» **Your assignment**: Nothing but a number should be given: how many lines in the entries below include the string "stands".

(Dataset content begins)

(* There exists $\lambda_0\ge 0$ such that for every $\lambda\ge\lambda_0$, the cross-group ordering $o=O(n^a,n^b)$ output by the xOrder procedure with parameter $\lambda$ satisfies $$\Delta\mathrm{xAUC}^o\le\max\left(\frac{1}{n_1^a},\frac{1}{n_1^b}\right).$$
   Context: Setting: two disjoint finite groups $a,b$ of instances with labels $Y_u\in\{0,1\}$; $n^g,n^g_1,n^g_0$ denote the size, number of positives and number of negatives of group $g$ (all counts $\ge1$); $n_1=n_1^a+n_1^b$, $n_0=n_0^a+n_0^b$, $k_{a,b}=n_1^an_0^b$, $k_{b,a}=n_0^an_1^b$, $k=n_0n_1$. $\mathrm{p}^a=(\mathrm{p}^{a(1)},\dots,\mathrm{p}^{a(n^a)})$ and $\mathrm{p}^b=(\mathrm{p}^{b(1)},\dots,\mathrm{p}^{b(n^b)})$ are fixed orderings of the groups. A cross-group ordering is a list of all instances of $a\cup b$ preserving the relative orders within $\mathrm{p}^a$ and within $\mathrm{p}^b$; "precedes" means ranked higher. $\mathrm{xAUC}^o(a,b)=\frac{1}{n_1^an_0^b}\#\{(u,v):u\in a,Y_u=1,v\in b,Y_v=0,u\text{ precedes }v\text{ in }o\}$, $\mathrm{xAUC}^o(b,a)$ symmetrically; $\Delta\mathrm{xAUC}^o=|\mathrm{xAUC}^o(a,b)-\mathrm{xAUC}^o(b,a)|$. xOrder: For $0\le i\le n^a$, $0\le j\le n^b$ and a list $q$ interleaving $\mathrm{p}^{a(1)},\dots,\mathrm{p}^{a(i)}$ and $\mathrm{p}^{b(1)},\dots,\mathrm{p}^{b(j)}$ with within-group orders preserved, let $q^{\to b}$ be $q$ followed by $\mathrm{p}^{b(j+1)},\dots,\mathrm{p}^{b(n^b)}$ and $q^{\to a}$ be $q$ followed by $\mathrm{p}^{a(i+1)},\dots,\mathrm{p}^{a(n^a)}$. Define $A(q)=\frac{1}{n_1^an_0^b}\#\{(u,v): u\in\{\mathrm{p}^{a(1)},..,\mathrm{p}^{a(i)}\},Y_u=1,v\in b,Y_v=0,u\text{ precedes }v\text{ in }q^{\to b}\}$, $B(q)=\frac{1}{n_1^bn_0^a}\#\{(u,v): u\in\{\mathrm{p}^{b(1)},..,\mathrm{p}^{b(j)}\},Y_u=1,v\in a,Y_v=0,u\text{ precedes }v\text{ in }q^{\to a}\}$, and $\widehat G(q)=\frac{k_{a,b}}{k}A(q)+\frac{k_{b,a}}{k}B(q)-\lambda|A(q)-B(q)|$. Set $O(i,0)=(\mathrm{p}^{a(1)},\dots,\mathrm{p}^{a(i)})$, $O(0,j)=(\mathrm{p}^{b(1)},\dots,\mathrm{p}^{b(j)})$. For $i=1,\dots,n^a$, $j=1,\dots,n^b$ (in increasing order): if $\widehat G(O(i-1,j)\oplus\mathrm{p}^{a(i)})>\widehat G(O(i,j-1)\oplus\mathrm{p}^{b(j)})$ then $O(i,j)=O(i-1,j)\oplus\mathrm{p}^{a(i)}$, otherwise $O(i,j)=O(i,j-1)\oplus\mathrm{p}^{b(j)}$ ($\oplus$ appends an element to the end of a list). The output is $O(n^a,n^b)$. *)

theory Defs
  imports Complex_Main
begin

(* Model: group a has n^a = length la instances, identified with their positions in the
   fixed ordering p^a; Inl i stands for p^{a(i+1)} (0-based), with label la ! i.
   Likewise Inr j stands for p^{b(j+1)} with label lb ! j.
   A (partial) cross-group ordering is a list of such elements, earlier = ranked higher. *)

type_synonym item = "nat + nat"

definition precedes :: "item \<Rightarrow> item \<Rightarrow> item list \<Rightarrow> bool" where
  "precedes x y xs \<longleftrightarrow> (\<exists>k l. k < l \<and> l < length xs \<and> xs ! k = x \<and> xs ! l = y)"

definition npos :: "bool list \<Rightarrow> nat" where
  "npos l = length (filter (\<lambda>y. y) l)"

definition nneg :: "bool list \<Rightarrow> nat" where
  "nneg l = length (filter Not l)"

definition xAUC_ab :: "bool list \<Rightarrow> bool list \<Rightarrow> item list \<Rightarrow> real" where
  "xAUC_ab la lb ord = real (card {(u, v). u < length la \<and> la ! u \<and> v < length lb \<and> \<not> lb ! v
        \<and> precedes (Inl u) (Inr v) ord}) / (real (npos la) * real (nneg lb))"

definition xAUC_ba :: "bool list \<Rightarrow> bool list \<Rightarrow> item list \<Rightarrow> real" where
  "xAUC_ba la lb ord = real (card {(u, v). u < length lb \<and> lb ! u \<and> v < length la \<and> \<not> la ! v
        \<and> precedes (Inr u) (Inl v) ord}) / (real (npos lb) * real (nneg la))"

definition delta_xAUC :: "bool list \<Rightarrow> bool list \<Rightarrow> item list \<Rightarrow> real" where
  "delta_xAUC la lb ord = \<bar>xAUC_ab la lb ord - xAUC_ba la lb ord\<bar>"

definition cnt_a :: "item list \<Rightarrow> nat" where "cnt_a q = length (filter isl q)"
definition cnt_b :: "item list \<Rightarrow> nat" where "cnt_b q = length (filter (\<lambda>x. \<not> isl x) q)"

definition ext_b :: "bool list \<Rightarrow> item list \<Rightarrow> item list" where
  "ext_b lb q = q @ map Inr [cnt_b q..<length lb]"
definition ext_a :: "bool list \<Rightarrow> item list \<Rightarrow> item list" where
  "ext_a la q = q @ map Inl [cnt_a q..<length la]"

definition A_part :: "bool list \<Rightarrow> bool list \<Rightarrow> item list \<Rightarrow> real" where
  "A_part la lb q = real (card {(u, v). u < cnt_a q \<and> la ! u \<and> v < length lb \<and> \<not> lb ! v
        \<and> precedes (Inl u) (Inr v) (ext_b lb q)}) / (real (npos la) * real (nneg lb))"

definition B_part :: "bool list \<Rightarrow> bool list \<Rightarrow> item list \<Rightarrow> real" where
  "B_part la lb q = real (card {(u, v). u < cnt_b q \<and> lb ! u \<and> v < length la \<and> \<not> la ! v
        \<and> precedes (Inr u) (Inl v) (ext_a la q)}) / (real (npos lb) * real (nneg la))"

definition G_hat :: "bool list \<Rightarrow> bool list \<Rightarrow> real \<Rightarrow> item list \<Rightarrow> real" where
  "G_hat la lb lam q =
     (let k = real (npos la + npos lb) * real (nneg la + nneg lb);
          kab = real (npos la) * real (nneg lb);
          kba = real (nneg la) * real (npos lb)
      in kab / k * A_part la lb q + kba / k * B_part la lb q
         - lam * \<bar>A_part la lb q - B_part la lb q\<bar>)"

fun xO :: "bool list \<Rightarrow> bool list \<Rightarrow> real \<Rightarrow> nat \<Rightarrow> nat \<Rightarrow> item list" where
  "xO la lb lam 0 j = map Inr [0..<j]"
| "xO la lb lam (Suc i) 0 = map Inl [0..<Suc i]"
| "xO la lb lam (Suc i) (Suc j) =
     (if G_hat la lb lam (xO la lb lam i (Suc j) @ [Inl i])
         > G_hat la lb lam (xO la lb lam (Suc i) j @ [Inr j])
      then xO la lb lam i (Suc j) @ [Inl i]
      else xO la lb lam (Suc i) j @ [Inr j])"

definition xOrder :: "bool list \<Rightarrow> bool list \<Rightarrow> real \<Rightarrow> item list" where
  "xOrder la lb lam = xO la lb lam (length la) (length lb)"

end

theory Submission
  imports Defs
begin

text \<open>
  Let \<open>d(i,j) = A(O(i,j)) - B(O(i,j))\<close> and \<open>M = max(1/n\<^sub>1\<^sup>a, 1/n\<^sub>1\<^sup>b)\<close>. Appending the next
  \<open>a\<close>-item raises \<open>d\<close> by at most \<open>1/n\<^sub>1\<^sup>a\<close>, appending the next \<open>b\<close>-item lowers it by at
  most \<open>1/n\<^sub>1\<^sup>b\<close>, and once one group is used up, appending items of the other changes
  nothing. The weighted accuracy part of \<open>G\<close> lies in \<open>[0,1]\<close> while \<open>N d\<close> is an integer for
  \<open>N = n\<^sub>1\<^sup>a n\<^sub>0\<^sup>b n\<^sub>1\<^sup>b n\<^sub>0\<^sup>a\<close>, so for \<open>\<lambda> > N\<close> every greedy step picks the candidate of
  smaller \<open>|d|\<close>. On such a greedy grid no cell \<open>(i,j)\<close> has \<open>d(i+1,j) > M\<close> and
  \<open>d(i,j+1) < -M\<close>; along the last row and column this traps \<open>d(n\<^sup>a,n\<^sup>b)\<close> in \<open>[-M, M]\<close>.
\<close>

lemma precedes_Nil [simp]: "\<not> precedes x y []"
  by (simp add: precedes_def)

(Dataset content ends)

» **Result**: 2